Ukraine to civilians: leave liberated areas before winter
Ukrainian authorities are evacuating civilians from liberated areas in southern Kherson and the Mykolaiv region. They worry that the damage to infrastructure will be too severe for people to survive the winter without electricity, heat and water. The World Health Organization has warned that millions of people in Ukraine are facing a “life-threatening” winter. Also on Monday, Ukrainian President Volodymyr Zelensky and his wife made a rare joint public appearance to observe a moment of silence at the Kyiv memorial to those killed in 2014 Ukrainian pro-European Union protests. Appeared. The largest nuclear power plant has not damaged any major equipment and no nuclear safety concerns have been identified.

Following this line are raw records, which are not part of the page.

lemma exists_admissible_frequencies:
  fixes \<phi> :: "real^2 \<Rightarrow> real" and E0 :: "(real^2) set" and T :: "bool list \<Rightarrow> (real^2) set"
  assumes \<phi>: "\<phi> \<in> borel_measurable borel" "\<And>y. \<phi> y \<ge> 0"
      "integrable lborel \<phi>" "(\<integral>x. \<phi> x \<partial>lborel) = 1"
    and "jordan_borel E0" and "\<epsilon> > 0"
    and T: "\<And>w R. length w < n \<Longrightarrow> \<exists>c r. r \<ge> R \<and> ball c r \<subseteq> T w"
  shows "\<exists>\<xi> \<rho>. \<forall>w. length w < n \<longrightarrow>
    admissible_frequency \<phi> \<epsilon> (T w) (sign_cell E0 \<xi> w) (\<xi> w) (\<rho> w)"
proof -
  define admissible_at where "admissible_at f w p \<longleftrightarrow> (length w < n \<longrightarrow>
      admissible_frequency \<phi> \<epsilon> (T w) (sign_cell E0 (fst \<circ> f) w) (fst p) (snd p))"
    for f :: "bool list \<Rightarrow> (real^2) \<times> real" and w p
  have "\<exists>f. \<forall>w. admissible_at f w (f w)"
  proof (rule length_recursive_choice)
    show "admissible_at g w p" if "\<And>v. length v < length w \<Longrightarrow> f v = g v" "admissible_at f w p"
      for f g w p
      using that sign_cell_cong[of w "fst \<circ> f" "fst \<circ> g"] by (simp add: admissible_at_def)
    show "\<exists>p. admissible_at f w p"
      if prev: "\<And>v. length v < length w \<Longrightarrow> admissible_at f v (f v)" for f w
    proof (cases "length w < n")
      case True
      have "jordan_borel (sign_cell E0 (fst \<circ> f) w)"
        using prev True \<open>jordan_borel E0\<close>
        by (intro jordan_borel_sign_cell) (auto simp: admissible_at_def admissible_frequency_def)
      then show ?thesis
        using exists_admissible_frequency[OF \<phi> _ \<open>\<epsilon> > 0\<close> T[OF True]]
        by (auto simp: admissible_at_def)
    qed (simp add: admissible_at_def)
  qed
  then obtain f where "\<And>w. admissible_at f w (f w)"
    by blast
  then show ?thesis
    by (intro exI[of _ "fst \<circ> f"] exI[of _ "snd \<circ> f"]) (simp add: admissible_at_def)
qed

Netanyahu pleaded guilty after predecessor called him ‘psychotic’
Even by the often toxic standards of Israeli political discourse, there are limits, a judge ruled Monday, urging newly-appointed Israeli Prime Minister Benjamin Netanyahu and his family to criticize former Prime Minister Ehud. Olmart, who described them as “psychotic,” admitted damages in a defamation lawsuit filed against them. The ruling ended a ludicrous drama in court for Olmert to bring witnesses to testify about what was happening in the Netanyahu family. found to have failed to establish or create a valid medical diagnosis.